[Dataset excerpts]
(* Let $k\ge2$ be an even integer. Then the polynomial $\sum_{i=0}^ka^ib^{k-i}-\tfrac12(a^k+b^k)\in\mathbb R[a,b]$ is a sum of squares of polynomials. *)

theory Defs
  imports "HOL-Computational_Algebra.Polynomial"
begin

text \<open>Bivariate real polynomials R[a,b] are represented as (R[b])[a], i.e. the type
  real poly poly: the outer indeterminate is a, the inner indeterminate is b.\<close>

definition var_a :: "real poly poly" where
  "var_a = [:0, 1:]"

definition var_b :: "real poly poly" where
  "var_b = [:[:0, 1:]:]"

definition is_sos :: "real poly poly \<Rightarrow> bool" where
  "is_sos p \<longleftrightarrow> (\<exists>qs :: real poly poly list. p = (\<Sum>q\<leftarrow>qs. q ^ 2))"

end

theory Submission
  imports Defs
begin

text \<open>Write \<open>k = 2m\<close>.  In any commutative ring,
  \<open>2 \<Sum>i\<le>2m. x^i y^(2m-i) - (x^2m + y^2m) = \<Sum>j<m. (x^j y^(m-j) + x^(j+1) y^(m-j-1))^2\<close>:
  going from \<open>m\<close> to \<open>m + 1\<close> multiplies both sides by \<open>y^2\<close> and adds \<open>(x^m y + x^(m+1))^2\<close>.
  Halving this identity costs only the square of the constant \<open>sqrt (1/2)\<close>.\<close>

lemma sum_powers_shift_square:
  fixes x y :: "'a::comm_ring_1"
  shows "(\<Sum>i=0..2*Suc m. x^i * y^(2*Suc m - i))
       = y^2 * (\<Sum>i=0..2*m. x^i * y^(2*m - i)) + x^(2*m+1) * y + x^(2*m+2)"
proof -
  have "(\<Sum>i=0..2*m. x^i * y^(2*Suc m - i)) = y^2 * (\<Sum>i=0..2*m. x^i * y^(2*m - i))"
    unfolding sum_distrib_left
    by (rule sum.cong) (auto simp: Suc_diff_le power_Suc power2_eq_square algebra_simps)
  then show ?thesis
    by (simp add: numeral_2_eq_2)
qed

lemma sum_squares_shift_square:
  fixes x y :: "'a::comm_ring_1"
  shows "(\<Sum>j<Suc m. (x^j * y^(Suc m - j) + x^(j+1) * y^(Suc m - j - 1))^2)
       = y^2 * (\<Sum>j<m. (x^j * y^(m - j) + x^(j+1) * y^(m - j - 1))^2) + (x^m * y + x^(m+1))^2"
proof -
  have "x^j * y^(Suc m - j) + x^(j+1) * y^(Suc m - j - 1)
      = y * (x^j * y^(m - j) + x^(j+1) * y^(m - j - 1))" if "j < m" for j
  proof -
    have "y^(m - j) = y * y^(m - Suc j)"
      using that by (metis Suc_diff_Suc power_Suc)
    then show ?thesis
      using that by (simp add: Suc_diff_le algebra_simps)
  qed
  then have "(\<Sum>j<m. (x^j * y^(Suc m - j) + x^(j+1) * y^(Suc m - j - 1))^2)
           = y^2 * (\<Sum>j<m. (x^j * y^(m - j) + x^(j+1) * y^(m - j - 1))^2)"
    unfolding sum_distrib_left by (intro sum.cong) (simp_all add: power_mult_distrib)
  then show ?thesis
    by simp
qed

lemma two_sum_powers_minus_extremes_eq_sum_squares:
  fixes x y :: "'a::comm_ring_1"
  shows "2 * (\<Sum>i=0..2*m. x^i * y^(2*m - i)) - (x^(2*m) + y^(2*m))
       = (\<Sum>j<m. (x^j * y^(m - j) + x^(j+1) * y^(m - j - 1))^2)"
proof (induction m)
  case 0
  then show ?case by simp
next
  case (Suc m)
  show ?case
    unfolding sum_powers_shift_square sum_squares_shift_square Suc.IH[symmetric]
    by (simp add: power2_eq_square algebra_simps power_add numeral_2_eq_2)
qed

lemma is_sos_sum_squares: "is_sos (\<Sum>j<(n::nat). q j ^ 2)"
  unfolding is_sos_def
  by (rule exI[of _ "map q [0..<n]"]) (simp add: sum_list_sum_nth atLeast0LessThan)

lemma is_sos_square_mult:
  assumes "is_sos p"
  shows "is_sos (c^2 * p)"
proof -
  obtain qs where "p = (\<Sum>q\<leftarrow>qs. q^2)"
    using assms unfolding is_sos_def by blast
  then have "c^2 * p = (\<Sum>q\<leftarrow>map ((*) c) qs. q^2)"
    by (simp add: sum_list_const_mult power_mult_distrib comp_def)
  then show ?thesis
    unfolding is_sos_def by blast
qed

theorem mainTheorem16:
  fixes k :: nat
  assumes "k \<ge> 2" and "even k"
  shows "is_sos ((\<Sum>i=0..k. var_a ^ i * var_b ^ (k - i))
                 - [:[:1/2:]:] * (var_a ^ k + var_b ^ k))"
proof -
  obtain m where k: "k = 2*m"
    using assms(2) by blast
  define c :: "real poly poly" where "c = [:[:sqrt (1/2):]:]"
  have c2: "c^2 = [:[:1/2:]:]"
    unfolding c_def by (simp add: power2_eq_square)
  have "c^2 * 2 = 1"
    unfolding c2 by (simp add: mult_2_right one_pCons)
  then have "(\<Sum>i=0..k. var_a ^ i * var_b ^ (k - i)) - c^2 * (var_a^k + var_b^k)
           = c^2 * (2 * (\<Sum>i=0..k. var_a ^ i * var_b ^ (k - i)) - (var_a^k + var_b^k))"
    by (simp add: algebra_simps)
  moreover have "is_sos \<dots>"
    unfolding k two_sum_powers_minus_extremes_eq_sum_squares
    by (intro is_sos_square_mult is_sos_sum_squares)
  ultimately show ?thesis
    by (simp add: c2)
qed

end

ACTION ITEM ->
Output only the lines from the one holding "by (simp add: algebra_simps)" through the last line above, exactly as they appear.

YOUR RESPONSE ->
    by (simp add: algebra_simps)
  moreover have "is_sos \<dots>"
    unfolding k two_sum_powers_minus_extremes_eq_sum_squares
    by (intro is_sos_square_mult is_sos_sum_squares)
  ultimately show ?thesis
    by (simp add: c2)
qed

end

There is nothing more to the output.